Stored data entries

(* Consider the controlled impulsive system $\dot x(t)=Ax(t)+B_cu_c(t)$ for $t\ne t_k$, $x(t_k^+)=Jx(t_k)+B_du_d(t_k)$, with $A,J\in\mathbb{R}^{n\times n}$, $B_c\in\mathbb{R}^{n\times m_c}$, $B_d\in\mathbb{R}^{n\times m_d}$, and let $\bar T>0$. Assume there exist a continuously differentiable diagonal-matrix-valued function $X:[0,\bar T]\to\mathbb{D}^n$ with $X(\tau)$ nonsingular for all $\tau$ and $X(0)\in\mathbb{D}^n_{\succ0}$, a continuous $U:[0,\bar T]\to\mathbb{R}^{m_c\times n}$, a matrix $U_d\in\mathbb{R}^{m_d\times n}$ and scalars $\varepsilon,\alpha>0$ such that, for all $\tau\in[0,\bar T]$, $AX(\tau)+B_cU(\tau)+\alpha I_n\ge0$, $JX(\bar T)+B_dU_d\ge0$, $\big[-\dot X(\tau)+AX(\tau)+B_cU(\tau)\big]\mathbf{1}_n<0$ and $\big[JX(\bar T)+B_dU_d-X(0)+\varepsilon I_n\big]\mathbf{1}_n\le0$. Define $K_c(\tau)=U(\tau)X(\tau)^{-1}$ and $K_d=U_dX(\bar T)^{-1}$ and the controller $u_c(t_k+\tau)=K_c(\tau)x(t_k+\tau)$ for $\tau\in(0,\bar T]$, $u_d(t_k)=K_dx(t_k)$. Then $A+B_cK_c(\tau)$ is Metzler for all $\tau\in[0,\bar T]$, $J+B_dK_d$ is nonnegative, $\big[(J+B_dK_d)\Psi(\bar T)-I_n\big]X(0)\mathbf{1}_n<0$ where $\frac{d}{ds}\Psi(s)=(A+B_cK_c(s))\Psi(s)$, $\Psi(0)=I_n$, and the closed-loop system is positive and asymptotically stable under constant dwell-time $\bar T$.
   Context: $\mathbb{D}^n$ is the set of $n\times n$ diagonal matrices and $\mathbb{D}^n_{\succ0}$ those with positive diagonal entries. Matrix/vector inequalities are entrywise; $\mathbf{1}_n$ is the vector of ones. $x(t^+)=\lim_{s\downarrow t}x(s)$. A matrix is Metzler if its off-diagonal entries are nonnegative. Constant dwell-time $\bar T$ means $t_{k+1}-t_k=\bar T$ for all $k$; asymptotic stability means global asymptotic stability of the zero solution. *)

theory Defs
  imports "HOL-Analysis.Analysis"
begin

definition ones :: "real ^ 'n" where
  "ones = (\<chi> i. 1)"

definition diag_mat :: "real ^ 'n ^ 'n \<Rightarrow> bool" where
  "diag_mat M \<longleftrightarrow> (\<forall>i j. i \<noteq> j \<longrightarrow> M $ i $ j = 0)"

definition pos_diag_mat :: "real ^ 'n ^ 'n \<Rightarrow> bool" where
  "pos_diag_mat M \<longleftrightarrow> diag_mat M \<and> (\<forall>i. M $ i $ i > 0)"

definition metzler :: "real ^ 'n ^ 'n \<Rightarrow> bool" where
  "metzler M \<longleftrightarrow> (\<forall>i j. i \<noteq> j \<longrightarrow> M $ i $ j \<ge> 0)"

definition nonneg_mat :: "real ^ 'c ^ 'r \<Rightarrow> bool" where
  "nonneg_mat M \<longleftrightarrow> (\<forall>i j. M $ i $ j \<ge> 0)"

definition nonneg_vec :: "real ^ 'n \<Rightarrow> bool" where
  "nonneg_vec v \<longleftrightarrow> (\<forall>i. v $ i \<ge> 0)"

text \<open>Solutions of the closed-loop impulsive system
  xdot(t) = A x(t) + Bc uc(t) for t \<noteq> t_k,  x(t_k^+) = J x(t_k) + Bd ud(t_k),
  with constant dwell time T, impulse instants t_k = k T (k \<ge> 1), initial time t_0 = 0,
  and controller uc(t_k + \<tau>) = Kc(\<tau>) x(t_k + \<tau>) for \<tau> \<in> (0,T], ud(t_k) = Kd x(t_k).
  Trajectories are left-continuous on (t_k, t_{k+1}]; x(t_k) is the pre-jump value.\<close>
definition closed_loop_sol ::
  "real ^ 'n ^ 'n \<Rightarrow> real ^ 'mc ^ 'n \<Rightarrow> real ^ 'n ^ 'n \<Rightarrow> real ^ 'md ^ 'n \<Rightarrow>
   (real \<Rightarrow> real ^ 'n ^ 'mc) \<Rightarrow> real ^ 'n ^ 'md \<Rightarrow> real \<Rightarrow> (real \<Rightarrow> real ^ 'n) \<Rightarrow> bool" where
  "closed_loop_sol A Bc J Bd Kc Kd T x \<longleftrightarrow>
     (\<forall>k::nat.
        continuous_on {real k * T <.. real (Suc k) * T} x \<and>
        (\<forall>s. real k * T < s \<and> s < real (Suc k) * T \<longrightarrow>
              (x has_vector_derivative (A *v x s + Bc *v (Kc (s - real k * T) *v x s))) (at s)) \<and>
        (x \<longlongrightarrow> (if k = 0 then x 0
                    else J *v x (real k * T) + Bd *v (Kd *v x (real k * T))))
          (at_right (real k * T)))"

definition closed_loop_positive where
  "closed_loop_positive A Bc J Bd Kc Kd T \<longleftrightarrow>
     (\<forall>x. closed_loop_sol A Bc J Bd Kc Kd T x \<and> nonneg_vec (x 0) \<longrightarrow>
          (\<forall>t\<ge>0. nonneg_vec (x t)))"

definition closed_loop_GAS where
  "closed_loop_GAS A Bc J Bd Kc Kd T \<longleftrightarrow>
     (\<forall>e>0. \<exists>d>0. \<forall>x. closed_loop_sol A Bc J Bd Kc Kd T x \<and> norm (x 0) < d \<longrightarrow>
          (\<forall>t\<ge>0. norm (x t) < e)) \<and>
     (\<forall>x. closed_loop_sol A Bc J Bd Kc Kd T x \<longrightarrow> (x \<longlongrightarrow> 0) at_top)"

end

theory Submission
  imports Defs
begin

text \<open>
  Put \<open>v(\<tau>) = X(\<tau>) 1\<close>. Condition C3 says \<open>v' > (A + Bc Kc) v\<close> on a dwell interval, and C4 says
  that the jump matrix \<open>J + Bd Kd\<close> maps \<open>v(T)\<close> below \<open>v(0) - \<epsilon> 1\<close>, hence below \<open>\<rho> v(0)\<close> for
  some \<open>\<rho> < 1\<close>. As \<open>A + Bc Kc\<close> is Metzler, a flow starting in the set \<open>x \<ge> -c v\<close> cannot leave
  it: at the first time a component reaches the boundary its derivative would point inwards.
  As \<open>J + Bd Kd\<close> is nonnegative, the jump turns \<open>x \<ge> -c v(T)\<close> into \<open>x \<ge> -\<rho> c v(0)\<close>.
  Applied to \<open>x\<close> and \<open>-x\<close> this gives \<open>|x(kT + \<tau>)| \<le> \<rho>\<^sup>k c v(\<tau>)\<close>, hence positivity
  (take \<open>c = 0\<close>), stability and convergence; applied to the fundamental matrix it gives
  \<open>\<Psi>(T) v(0) \<le> v(T)\<close> and with it the monodromy condition.
\<close>

lemma has_vector_derivative_vec_nth:
  fixes y :: "real \<Rightarrow> real ^ 'n"
  assumes "(y has_vector_derivative y') F"
  shows "((\<lambda>s. y s $ i) has_real_derivative y' $ i) F"
  using bounded_linear.has_vector_derivative[OF bounded_linear_vec_nth assms]
  by (simp add: has_real_derivative_iff_has_vector_derivative)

# Instructions to follow:
Each line of the data is to be written out again exactly.

# Response area:
(* Consider the controlled impulsive system $\dot x(t)=Ax(t)+B_cu_c(t)$ for $t\ne t_k$, $x(t_k^+)=Jx(t_k)+B_du_d(t_k)$, with $A,J\in\mathbb{R}^{n\times n}$, $B_c\in\mathbb{R}^{n\times m_c}$, $B_d\in\mathbb{R}^{n\times m_d}$, and let $\bar T>0$. Assume there exist a continuously differentiable diagonal-matrix-valued function $X:[0,\bar T]\to\mathbb{D}^n$ with $X(\tau)$ nonsingular for all $\tau$ and $X(0)\in\mathbb{D}^n_{\succ0}$, a continuous $U:[0,\bar T]\to\mathbb{R}^{m_c\times n}$, a matrix $U_d\in\mathbb{R}^{m_d\times n}$ and scalars $\varepsilon,\alpha>0$ such that, for all $\tau\in[0,\bar T]$, $AX(\tau)+B_cU(\tau)+\alpha I_n\ge0$, $JX(\bar T)+B_dU_d\ge0$, $\big[-\dot X(\tau)+AX(\tau)+B_cU(\tau)\big]\mathbf{1}_n<0$ and $\big[JX(\bar T)+B_dU_d-X(0)+\varepsilon I_n\big]\mathbf{1}_n\le0$. Define $K_c(\tau)=U(\tau)X(\tau)^{-1}$ and $K_d=U_dX(\bar T)^{-1}$ and the controller $u_c(t_k+\tau)=K_c(\tau)x(t_k+\tau)$ for $\tau\in(0,\bar T]$, $u_d(t_k)=K_dx(t_k)$. Then $A+B_cK_c(\tau)$ is Metzler for all $\tau\in[0,\bar T]$, $J+B_dK_d$ is nonnegative, $\big[(J+B_dK_d)\Psi(\bar T)-I_n\big]X(0)\mathbf{1}_n<0$ where $\frac{d}{ds}\Psi(s)=(A+B_cK_c(s))\Psi(s)$, $\Psi(0)=I_n$, and the closed-loop system is positive and asymptotically stable under constant dwell-time $\bar T$.
   Context: $\mathbb{D}^n$ is the set of $n\times n$ diagonal matrices and $\mathbb{D}^n_{\succ0}$ those with positive diagonal entries. Matrix/vector inequalities are entrywise; $\mathbf{1}_n$ is the vector of ones. $x(t^+)=\lim_{s\downarrow t}x(s)$. A matrix is Metzler if its off-diagonal entries are nonnegative. Constant dwell-time $\bar T$ means $t_{k+1}-t_k=\bar T$ for all $k$; asymptotic stability means global asymptotic stability of the zero solution. *)

theory Defs
  imports "HOL-Analysis.Analysis"
begin

definition ones :: "real ^ 'n" where
  "ones = (\<chi> i. 1)"

definition diag_mat :: "real ^ 'n ^ 'n \<Rightarrow> bool" where
  "diag_mat M \<longleftrightarrow> (\<forall>i j. i \<noteq> j \<longrightarrow> M $ i $ j = 0)"

definition pos_diag_mat :: "real ^ 'n ^ 'n \<Rightarrow> bool" where
  "pos_diag_mat M \<longleftrightarrow> diag_mat M \<and> (\<forall>i. M $ i $ i > 0)"

definition metzler :: "real ^ 'n ^ 'n \<Rightarrow> bool" where
  "metzler M \<longleftrightarrow> (\<forall>i j. i \<noteq> j \<longrightarrow> M $ i $ j \<ge> 0)"

definition nonneg_mat :: "real ^ 'c ^ 'r \<Rightarrow> bool" where
  "nonneg_mat M \<longleftrightarrow> (\<forall>i j. M $ i $ j \<ge> 0)"

definition nonneg_vec :: "real ^ 'n \<Rightarrow> bool" where
  "nonneg_vec v \<longleftrightarrow> (\<forall>i. v $ i \<ge> 0)"

text \<open>Solutions of the closed-loop impulsive system
  xdot(t) = A x(t) + Bc uc(t) for t \<noteq> t_k,  x(t_k^+) = J x(t_k) + Bd ud(t_k),
  with constant dwell time T, impulse instants t_k = k T (k \<ge> 1), initial time t_0 = 0,
  and controller uc(t_k + \<tau>) = Kc(\<tau>) x(t_k + \<tau>) for \<tau> \<in> (0,T], ud(t_k) = Kd x(t_k).
  Trajectories are left-continuous on (t_k, t_{k+1}]; x(t_k) is the pre-jump value.\<close>
definition closed_loop_sol ::
  "real ^ 'n ^ 'n \<Rightarrow> real ^ 'mc ^ 'n \<Rightarrow> real ^ 'n ^ 'n \<Rightarrow> real ^ 'md ^ 'n \<Rightarrow>
   (real \<Rightarrow> real ^ 'n ^ 'mc) \<Rightarrow> real ^ 'n ^ 'md \<Rightarrow> real \<Rightarrow> (real \<Rightarrow> real ^ 'n) \<Rightarrow> bool" where
  "closed_loop_sol A Bc J Bd Kc Kd T x \<longleftrightarrow>
     (\<forall>k::nat.
        continuous_on {real k * T <.. real (Suc k) * T} x \<and>
        (\<forall>s. real k * T < s \<and> s < real (Suc k) * T \<longrightarrow>
              (x has_vector_derivative (A *v x s + Bc *v (Kc (s - real k * T) *v x s))) (at s)) \<and>
        (x \<longlongrightarrow> (if k = 0 then x 0
                    else J *v x (real k * T) + Bd *v (Kd *v x (real k * T))))
          (at_right (real k * T)))"

definition closed_loop_positive where
  "closed_loop_positive A Bc J Bd Kc Kd T \<longleftrightarrow>
     (\<forall>x. closed_loop_sol A Bc J Bd Kc Kd T x \<and> nonneg_vec (x 0) \<longrightarrow>
          (\<forall>t\<ge>0. nonneg_vec (x t)))"

definition closed_loop_GAS where
  "closed_loop_GAS A Bc J Bd Kc Kd T \<longleftrightarrow>
     (\<forall>e>0. \<exists>d>0. \<forall>x. closed_loop_sol A Bc J Bd Kc Kd T x \<and> norm (x 0) < d \<longrightarrow>
          (\<forall>t\<ge>0. norm (x t) < e)) \<and>
     (\<forall>x. closed_loop_sol A Bc J Bd Kc Kd T x \<longrightarrow> (x \<longlongrightarrow> 0) at_top)"

end

theory Submission
  imports Defs
begin

text \<open>
  Put \<open>v(\<tau>) = X(\<tau>) 1\<close>. Condition C3 says \<open>v' > (A + Bc Kc) v\<close> on a dwell interval, and C4 says
  that the jump matrix \<open>J + Bd Kd\<close> maps \<open>v(T)\<close> below \<open>v(0) - \<epsilon> 1\<close>, hence below \<open>\<rho> v(0)\<close> for
  some \<open>\<rho> < 1\<close>. As \<open>A + Bc Kc\<close> is Metzler, a flow starting in the set \<open>x \<ge> -c v\<close> cannot leave
  it: at the first time a component reaches the boundary its derivative would point inwards.
  As \<open>J + Bd Kd\<close> is nonnegative, the jump turns \<open>x \<ge> -c v(T)\<close> into \<open>x \<ge> -\<rho> c v(0)\<close>.
  Applied to \<open>x\<close> and \<open>-x\<close> this gives \<open>|x(kT + \<tau>)| \<le> \<rho>\<^sup>k c v(\<tau>)\<close>, hence positivity
  (take \<open>c = 0\<close>), stability and convergence; applied to the fundamental matrix it gives
  \<open>\<Psi>(T) v(0) \<le> v(T)\<close> and with it the monodromy condition.
\<close>

lemma has_vector_derivative_vec_nth:
  fixes y :: "real \<Rightarrow> real ^ 'n"
  assumes "(y has_vector_derivative y') F"
  shows "((\<lambda>s. y s $ i) has_real_derivative y' $ i) F"
  using bounded_linear.has_vector_derivative[OF bounded_linear_vec_nth assms]
  by (simp add: has_real_derivative_iff_has_vector_derivative)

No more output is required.